▶ _Instructions for the task_
First find the line with "i)) = 2 * (\<Sum>i<N." in the entries below, then set down exactly every line through the line with "by (rule sum_abs)", that line included.

━━ Data to examine

lemma negbin_coeff_cross_le:
  assumes "K \<le> L" "j' \<le> j"
  shows "negbin_coeff L j' * negbin_coeff K (Suc j) \<le> negbin_coeff L (Suc j') * negbin_coeff K j"
proof -
  have "real K / real (Suc j) \<le> real L / real (Suc j')"
    using assms by (intro frac_le) auto
  moreover have "real (Suc M + i) / real (Suc i) = 1 + real M / real (Suc i)" for M i
    by (simp add: field_simps)
  ultimately have "real (Suc K + j) / real (Suc j) \<le> real (Suc L + j') / real (Suc j')"
    by simp
  then have "negbin_coeff L j' * negbin_coeff K j * (real (Suc K + j) / real (Suc j))
      \<le> negbin_coeff L j' * negbin_coeff K j * (real (Suc L + j') / real (Suc j'))"
    using negbin_coeff_pos[of L j'] negbin_coeff_pos[of K j] by (intro mult_left_mono) auto
  then show ?thesis
    by (simp add: negbin_coeff_Suc ac_simps)
qed

lemma rel_h_Suc:
  assumes "1 \<le> k" "k \<le> Suc n"
  shows "rel_h k (Suc n) p = rel_h k n p + real (n choose (k - 1)) * p ^ k * (1 - p) ^ (Suc n - k)"
proof -
  obtain K where k: "k = Suc K" using assms(1) by (cases k) auto
  with assms have "K \<le> n" by simp
  define q where "q = 1 - p"
  have "rel_h k (Suc n) p = (\<Sum>i=K..n. real (Suc n choose Suc i) * p ^ Suc i * q ^ (n - i))"
    unfolding rel_h_def k q_def by (subst sum.shift_bounds_cl_Suc_ivl) simp
  also have "\<dots> = p * (\<Sum>i=K..n. real (n choose i) * p ^ i * q ^ (n - i))
                  + (\<Sum>i=K..n. real (n choose Suc i) * p ^ Suc i * q ^ (n - i))"
    by (simp add: sum.distrib[symmetric] sum_distrib_left algebra_simps)
  also have "(\<Sum>i=K..n. real (n choose i) * p ^ i * q ^ (n - i))
      = real (n choose K) * p ^ K * q ^ (n - K) + rel_h k n p"
    unfolding rel_h_def q_def k using \<open>K \<le> n\<close> by (simp add: sum.atLeast_Suc_atMost)
  also have "(\<Sum>i=K..n. real (n choose Suc i) * p ^ Suc i * q ^ (n - i))
      = (\<Sum>i=k..Suc n. real (n choose i) * p ^ i * q ^ (Suc n - i))"
    unfolding k by (subst sum.shift_bounds_cl_Suc_ivl) simp
  also have "\<dots> = (\<Sum>i=k..n. real (n choose i) * p ^ i * q ^ (Suc n - i))"
    using assms by (simp add: sum.cl_ivl_Suc)
  also have "\<dots> = q * rel_h k n p"
    unfolding rel_h_def q_def sum_distrib_left
    by (rule sum.cong) (auto simp: Suc_diff_le algebra_simps)
  finally show ?thesis
    unfolding q_def k by (simp add: algebra_simps)
qed
lemma tendsto_0_of_dissipation:
  fixes V h g :: "real \<Rightarrow> real"
  assumes deriv: "\<And>t. 0 \<le> t \<Longrightarrow> (V has_real_derivative - h t) (at t within {0..})"
    and dominated: "\<And>t. 0 \<le> t \<Longrightarrow> (g t)\<^sup>2 \<le> h t"
    and bounded: "\<And>t. 0 \<le> t \<Longrightarrow> L \<le> V t"
    and lipschitz: "M-lipschitz_on {0..} g"
  shows "(g \<longlongrightarrow> 0) at_top"
proof (rule tendstoI)
  fix e :: real assume "0 < e"
  have mvt: "\<exists>x\<in>{a..b}. V b - V a = - h x * (b - a)" if "0 \<le> a" "a \<le> b" for a b
  proof -
    have "(V has_derivative (\<lambda>y. - h x * y)) (at x within {a..b})" if "a \<le> x" "x \<le> b" for x
      using \<open>0 \<le> a\<close> that
      by (intro has_field_derivative_imp_has_derivative has_field_derivative_subset[OF deriv]) auto
    from mvt_very_simple[OF \<open>a \<le> b\<close> this] show ?thesis by simp
  qed
  have antitone: "V b \<le> V a" if ab: "0 \<le> a" "a \<le> b" for a b
  proof -
    obtain x where "x \<in> {a..b}" "V b - V a = - h x * (b - a)" using mvt[OF ab] by blast
    moreover have "0 \<le> h x"
      using dominated[of x] \<open>x \<in> {a..b}\<close> ab by (auto intro: order_trans[OF zero_le_power2])
    then have "0 \<le> h x * (b - a)" using ab by simp
    ultimately show ?thesis by simp
  qed
  have "0 \<le> M" using lipschitz by (rule lipschitz_on_nonneg)
  define \<delta> where "\<delta> = e / (2 * (M + 1))"
  have "0 < \<delta>" "M * \<delta> \<le> e / 2"
    using \<open>0 \<le> M\<close> \<open>0 < e\<close> by (auto simp: \<delta>_def field_simps)
  define m where "m = Inf (V ` {0..})"
  have bdd: "bdd_below (V ` {0..})" using bounded by (auto intro: bdd_belowI[of _ L])
  have "Inf (V ` {0..}) < m + \<delta> * (e / 2)\<^sup>2" using \<open>0 < \<delta>\<close> \<open>0 < e\<close> by (simp add: m_def)
  from cInf_lessD[OF _ this] obtain T where T: "0 \<le> T" "V T < m + \<delta> * (e / 2)\<^sup>2"
    by auto
  have "dist (g t) 0 < e" if "T \<le> t" for t
  proof (rule ccontr)
    assume "\<not> ?thesis"
    then have large: "e \<le> \<bar>g t\<bar>" by simp
    have dissipation: "(e / 2)\<^sup>2 \<le> h x" if "t \<le> x" "x \<le> t + \<delta>" for x
    proof -
      have "\<bar>g x - g t\<bar> \<le> M * (x - t)"
        using lipschitz_onD[OF lipschitz, of x t] that T \<open>T \<le> t\<close> by (simp add: dist_real_def)
      also have "\<dots> \<le> M * \<delta>" using \<open>0 \<le> M\<close> that by (intro mult_left_mono) auto
      finally have "e / 2 \<le> \<bar>g x\<bar>" using \<open>M * \<delta> \<le> e / 2\<close> large by linarith
      then have "(e / 2)\<^sup>2 \<le> \<bar>g x\<bar>\<^sup>2" using \<open>0 < e\<close> by (intro power_mono) auto
      also have "\<dots> \<le> h x" using dominated[of x] that T \<open>T \<le> t\<close> by simp
      finally show ?thesis .
    qed
    obtain x where "x \<in> {t..t + \<delta>}" "V (t + \<delta>) - V t = - h x * \<delta>"
      using mvt[of t "t + \<delta>"] T \<open>T \<le> t\<close> \<open>0 < \<delta>\<close> by auto
    moreover from this have "(e / 2)\<^sup>2 * \<delta> \<le> h x * \<delta>"
      using dissipation \<open>0 < \<delta>\<close> by (intro mult_right_mono) auto
    moreover have "V t \<le> V T" using antitone T \<open>T \<le> t\<close> by auto
    moreover have "m \<le> V (t + \<delta>)"
      unfolding m_def using bdd T \<open>T \<le> t\<close> \<open>0 < \<delta>\<close> by (intro cInf_lower) auto
    ultimately show False using T by (simp add: algebra_simps)
  qed
  then show "eventually (\<lambda>t. dist (g t) 0 < e) at_top"
    unfolding eventually_at_top_linorder by blast
qed

locale kuramoto =
  fixes N :: nat and \<omega> :: "nat \<Rightarrow> real" and K :: real and \<theta> :: "real \<Rightarrow> nat \<Rightarrow> real"
  assumes N_pos: "0 < N"
    and kuramoto_ode: "\<And>i t. i < N \<Longrightarrow> 0 \<le> t \<Longrightarrow>
      ((\<lambda>s. \<theta> s i) has_real_derivative \<omega> i + K / real N * (\<Sum>j<N. sin (\<theta> t j - \<theta> t i)))
        (at t within {0..})"
begin

definition freq :: "nat \<Rightarrow> real \<Rightarrow> real"
  where "freq i t = \<omega> i + K / real N * (\<Sum>j<N. sin (\<theta> t j - \<theta> t i))"

definition mean_freq :: real
  where "mean_freq = (\<Sum>i<N. \<omega> i) / real N"

definition lyapunov :: "real \<Rightarrow> real"
  where "lyapunov t = - (\<Sum>i<N. (\<omega> i - mean_freq) * \<theta> t i)
                      - K / (2 * real N) * (\<Sum>i<N. \<Sum>j<N. cos (\<theta> t j - \<theta> t i))"

lemma phase_has_derivative:
  "i < N \<Longrightarrow> 0 \<le> t \<Longrightarrow> ((\<lambda>s. \<theta> s i) has_real_derivative freq i t) (at t within {0..})"
  unfolding freq_def by (rule kuramoto_ode)

lemma deriv_phase_eq_freq:
  assumes "i < N" "0 < t"
  shows "deriv (\<lambda>s. \<theta> s i) t = freq i t"
proof -
  have "((\<lambda>s. \<theta> s i) has_real_derivative freq i t) (at t within {0<..})"
    using assms by (intro has_field_derivative_subset[OF phase_has_derivative]) auto
  then have "((\<lambda>s. \<theta> s i) has_real_derivative freq i t) (at t)"
    using assms at_within_open[of t "{0<..}"] by simp
  then show ?thesis by (rule DERIV_imp_deriv)
qed

lemma phase_continuous: "i < N \<Longrightarrow> continuous_on {0..} (\<lambda>s. \<theta> s i)"
  by (rule DERIV_continuous_on[OF phase_has_derivative]) auto

lemma sin_phase_diff_antisym: "sin (\<theta> t i - \<theta> t j) = - sin (\<theta> t j - \<theta> t i)"
  by (metis minus_diff_eq sin_minus)

lemma sum_freq: "(\<Sum>i<N. freq i t) = (\<Sum>i<N. \<omega> i)"
proof -
  have "(\<Sum>i<N. \<Sum>j<N. sin (\<theta> t j - \<theta> t i)) = 0"
    by (rule sum_sum_antisym_eq_0) (rule sin_phase_diff_antisym)
  then have "(\<Sum>i<N. K / real N * (\<Sum>j<N. sin (\<theta> t j - \<theta> t i))) = 0"
    by (simp only: sum_distrib_left[symmetric] mult_zero_right)
  then show ?thesis by (simp only: freq_def sum.distrib add_0_right)
qed

lemma sum_freq_deviation: "(\<Sum>i<N. freq i t - mean_freq) = 0"
  using N_pos by (simp add: sum_subtractf sum_freq mean_freq_def)

lemma lyapunov_deriv:
  assumes "0 \<le> t"
  shows "(lyapunov has_real_derivative - (\<Sum>i<N. (freq i t - mean_freq)\<^sup>2)) (at t within {0..})"
proof -
  let ?s = "\<lambda>i j. sin (\<theta> t j - \<theta> t i)" and ?f = "\<lambda>i. freq i t"
  have cos_deriv: "((\<lambda>s. cos (\<theta> s j - \<theta> s i)) has_real_derivative - ?s i j * (?f j - ?f i))
      (at t within {0..})" if "i < N" "j < N" for i j
    using DERIV_chain2[OF DERIV_cos DERIV_diff[OF phase_has_derivative phase_has_derivative]]
      that assms by simp
  have "(lyapunov has_real_derivative - (\<Sum>i<N. (\<omega> i - mean_freq) * ?f i)
      - K / (2 * real N) * (\<Sum>i<N. \<Sum>j<N. - ?s i j * (?f j - ?f i))) (at t within {0..})"
    unfolding lyapunov_def[abs_def] using assms
    by (intro DERIV_diff DERIV_minus DERIV_cmult DERIV_sum phase_has_derivative cos_deriv) auto
  moreover have "(\<Sum>i<N. \<Sum>j<N. - ?s i j * (?f j - ?f i)) = 2 * (\<Sum>i<N. ?f i * (\<Sum>j<N. ?s i j))"
    using sum_sum_antisym_mult_diff[of "{..<N}" ?s ?f, OF sin_phase_diff_antisym]
    by (simp add: sum_negf)
  moreover have "K / (2 * real N) * (2 * (\<Sum>i<N. ?f i * (\<Sum>j<N. ?s i j)))
      = (\<Sum>i<N. ?f i * (K / real N * (\<Sum>j<N. ?s i j)))"
    by (simp add: sum_distrib_left algebra_simps)
  moreover have "\<dots> = (\<Sum>i<N. ?f i * (?f i - \<omega> i))"
    by (intro sum.cong) (simp_all add: freq_def)
  moreover have "(\<Sum>i<N. (\<omega> i - mean_freq) * ?f i) + (\<Sum>i<N. ?f i * (?f i - \<omega> i))
      = (\<Sum>i<N. ?f i * (?f i - mean_freq))"
    unfolding sum.distrib[symmetric] by (intro sum.cong) (auto simp: algebra_simps)
  moreover note sum_power2_diff_eq[OF sum_freq_deviation, of t]
  ultimately show ?thesis by (simp only: diff_conv_add_uminus minus_add_distrib[symmetric])
qed

definition speed_bound :: real
  where "speed_bound = (MAX k\<in>{..<N}. \<bar>\<omega> k\<bar>) + \<bar>K\<bar>"

lemma abs_freq_le: "i < N \<Longrightarrow> \<bar>freq i t\<bar> \<le> speed_bound"
proof -
  assume "i < N"
  have "\<bar>\<Sum>j<N. sin (\<theta> t j - \<theta> t i)\<bar> \<le> (\<Sum>j<N. \<bar>sin (\<theta> t j - \<theta> t i)\<bar>)" by (rule sum_abs)
  also have "\<dots> \<le> (\<Sum>j<N. 1)" by (intro sum_mono) simp
  finally have sum_le: "\<bar>\<Sum>j<N. sin (\<theta> t j - \<theta> t i)\<bar> \<le> real N" by simp
  have "\<bar>K / real N * (\<Sum>j<N. sin (\<theta> t j - \<theta> t i))\<bar> = \<bar>K\<bar> / real N * \<bar>\<Sum>j<N. sin (\<theta> t j - \<theta> t i)\<bar>"
    by (simp add: abs_mult)
  also have "\<dots> \<le> \<bar>K\<bar> / real N * real N" using sum_le by (intro mult_left_mono) auto
  also have "\<dots> = \<bar>K\<bar>" using N_pos by simp
  finally have coupling_le: "\<bar>K / real N * (\<Sum>j<N. sin (\<theta> t j - \<theta> t i))\<bar> \<le> \<bar>K\<bar>" .
  have "\<bar>\<omega> i\<bar> \<le> (MAX k\<in>{..<N}. \<bar>\<omega> k\<bar>)" using \<open>i < N\<close> by (intro Max_ge) auto
  moreover have "\<bar>freq i t\<bar> \<le> \<bar>\<omega> i\<bar> + \<bar>K / real N * (\<Sum>j<N. sin (\<theta> t j - \<theta> t i))\<bar>"
    unfolding freq_def by (rule abs_triangle_ineq)
  ultimately show ?thesis using coupling_le unfolding speed_bound_def by linarith
qed

lemma phase_lipschitz: "i < N \<Longrightarrow> speed_bound-lipschitz_on {0..} (\<lambda>t. \<theta> t i)"
proof (rule lipschitz_onI)
  fix s t :: real assume "i < N" "s \<in> {0..}" "t \<in> {0..}"
  then show "dist (\<theta> s i) (\<theta> t i) \<le> speed_bound * dist s t"
    using field_differentiable_bound[of "{0..}" "\<lambda>s. \<theta> s i" "\<lambda>t. freq i t" speed_bound s t]
      phase_has_derivative abs_freq_le
    by (simp add: dist_real_def convex_real_interval)
next
  show "0 \<le> speed_bound" using abs_freq_le[OF N_pos] by (meson abs_ge_zero order_trans)
qed

lemma freq_lipschitz:
  assumes "i < N"
  shows "\<exists>M. M-lipschitz_on {0..} (freq i)"
proof -
  have "(1 * (speed_bound + speed_bound))-lipschitz_on {0..} (\<lambda>t. sin (\<theta> t j - \<theta> t i))"
    if "j < N" for j
    using that assms
    by (intro lipschitz_on_compose2[OF _ lipschitz_on_sin] lipschitz_on_diff phase_lipschitz)
  then have "(\<Sum>j<N. 1 * (speed_bound + speed_bound))-lipschitz_on {0..}
      (\<lambda>t. \<Sum>j<N. sin (\<theta> t j - \<theta> t i))"
    by (intro lipschitz_on_sum) simp
  then have "(0 + \<bar>K / real N\<bar> * (\<Sum>j<N. 1 * (speed_bound + speed_bound)))-lipschitz_on {0..}
      (\<lambda>t. \<omega> i + K / real N * (\<Sum>j<N. sin (\<theta> t j - \<theta> t i)))"
    by (intro lipschitz_on_add lipschitz_on_constant lipschitz_on_cmult_real)
  then show ?thesis unfolding freq_def[abs_def] by blast
qed

end

locale kuramoto_cohesive = kuramoto +
  fixes \<gamma> :: real
  assumes arc_bounds: "0 < \<gamma>" "\<gamma> < pi"
    and init_cohesive: "\<And>i j. i < N \<Longrightarrow> j < N \<Longrightarrow> \<theta> 0 i - \<theta> 0 j \<le> \<gamma>"
    and strong_coupling: "real N * (Max (\<omega> ` {..<N}) - Min (\<omega> ` {..<N})) < 2 * K * sin \<gamma>"
begin

lemma natural_freq_diff_le:
  assumes "i < N" "j < N"
  shows "\<omega> i - \<omega> j \<le> Max (\<omega> ` {..<N}) - Min (\<omega> ` {..<N})"
proof -
  have "\<omega> i \<le> Max (\<omega> ` {..<N})" "Min (\<omega> ` {..<N}) \<le> \<omega> j"
    using assms by (auto intro: Max_ge Min_le)
  then show ?thesis by linarith
qed

lemma K_pos: "0 < K"
proof -
  have "0 \<le> real N * (Max (\<omega> ` {..<N}) - Min (\<omega> ` {..<N}))"
    using natural_freq_diff_le[OF N_pos N_pos] by simp
  then have "0 < K * sin \<gamma>" using strong_coupling by simp
  then show ?thesis using sin_gt_zero[OF arc_bounds] by (simp add: zero_less_mult_iff)
qed

lemma freq_gap_at_boundary:
  assumes cohesive: "\<forall>k<N. \<forall>l<N. \<theta> t k - \<theta> t l \<le> \<gamma>"
    and boundary: "\<theta> t i - \<theta> t j = \<gamma>" and ij: "i < N" "j < N"
  shows "freq i t < freq j t"
proof -
  define f where "f k = sin (\<theta> t k - \<theta> t i) - sin (\<theta> t k - \<theta> t j)" for k
  have freq_diff: "freq i t - freq j t = \<omega> i - \<omega> j + K / real N * (\<Sum>k<N. f k)"
    by (simp add: freq_def f_def sum_subtractf algebra_simps)
  have f_nonpos: "f k \<le> 0" if "k < N" for k
  proof -
    have "0 \<le> sin (\<theta> t i - \<theta> t k)"
      using cohesive that ij boundary arc_bounds by (intro sin_ge_zero) force+
    moreover have "0 \<le> sin (\<theta> t k - \<theta> t j)"
      using cohesive that ij boundary arc_bounds by (intro sin_ge_zero) force+
    ultimately show ?thesis unfolding f_def by (simp add: sin_phase_diff_antisym[of t i k])
  qed
  have "i \<noteq> j" using boundary arc_bounds by auto
  have "(\<Sum>k<N. f k) = f i + f j + (\<Sum>k\<in>{..<N} - {i, j}. f k)"
    using ij \<open>i \<noteq> j\<close> by (subst sum.subset_diff[of "{i, j}"]) auto
  also have "\<dots> \<le> f i + f j"
    using sum_nonpos[of "{..<N} - {i, j}" f] f_nonpos by auto
  also have "\<dots> = - 2 * sin \<gamma>"
    using boundary by (simp add: f_def sin_phase_diff_antisym[of t j i])
  finally have "K / real N * (\<Sum>k<N. f k) \<le> K / real N * (- 2 * sin \<gamma>)"
    using K_pos by (intro mult_left_mono) auto
  moreover have "Max (\<omega> ` {..<N}) - Min (\<omega> ` {..<N}) < K / real N * (2 * sin \<gamma>)"
    using strong_coupling N_pos by (simp add: field_simps)
  ultimately show ?thesis using freq_diff natural_freq_diff_le[OF ij] by linarith
qed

━━━━

▶ _Task solution_
  moreover have "(\<Sum>i<N. \<Sum>j<N. - ?s i j * (?f j - ?f i)) = 2 * (\<Sum>i<N. ?f i * (\<Sum>j<N. ?s i j))"
    using sum_sum_antisym_mult_diff[of "{..<N}" ?s ?f, OF sin_phase_diff_antisym]
    by (simp add: sum_negf)
  moreover have "K / (2 * real N) * (2 * (\<Sum>i<N. ?f i * (\<Sum>j<N. ?s i j)))
      = (\<Sum>i<N. ?f i * (K / real N * (\<Sum>j<N. ?s i j)))"
    by (simp add: sum_distrib_left algebra_simps)
  moreover have "\<dots> = (\<Sum>i<N. ?f i * (?f i - \<omega> i))"
    by (intro sum.cong) (simp_all add: freq_def)
  moreover have "(\<Sum>i<N. (\<omega> i - mean_freq) * ?f i) + (\<Sum>i<N. ?f i * (?f i - \<omega> i))
      = (\<Sum>i<N. ?f i * (?f i - mean_freq))"
    unfolding sum.distrib[symmetric] by (intro sum.cong) (auto simp: algebra_simps)
  moreover note sum_power2_diff_eq[OF sum_freq_deviation, of t]
  ultimately show ?thesis by (simp only: diff_conv_add_uminus minus_add_distrib[symmetric])
qed

definition speed_bound :: real
  where "speed_bound = (MAX k\<in>{..<N}. \<bar>\<omega> k\<bar>) + \<bar>K\<bar>"

lemma abs_freq_le: "i < N \<Longrightarrow> \<bar>freq i t\<bar> \<le> speed_bound"
proof -
  assume "i < N"
  have "\<bar>\<Sum>j<N. sin (\<theta> t j - \<theta> t i)\<bar> \<le> (\<Sum>j<N. \<bar>sin (\<theta> t j - \<theta> t i)\<bar>)" by (rule sum_abs)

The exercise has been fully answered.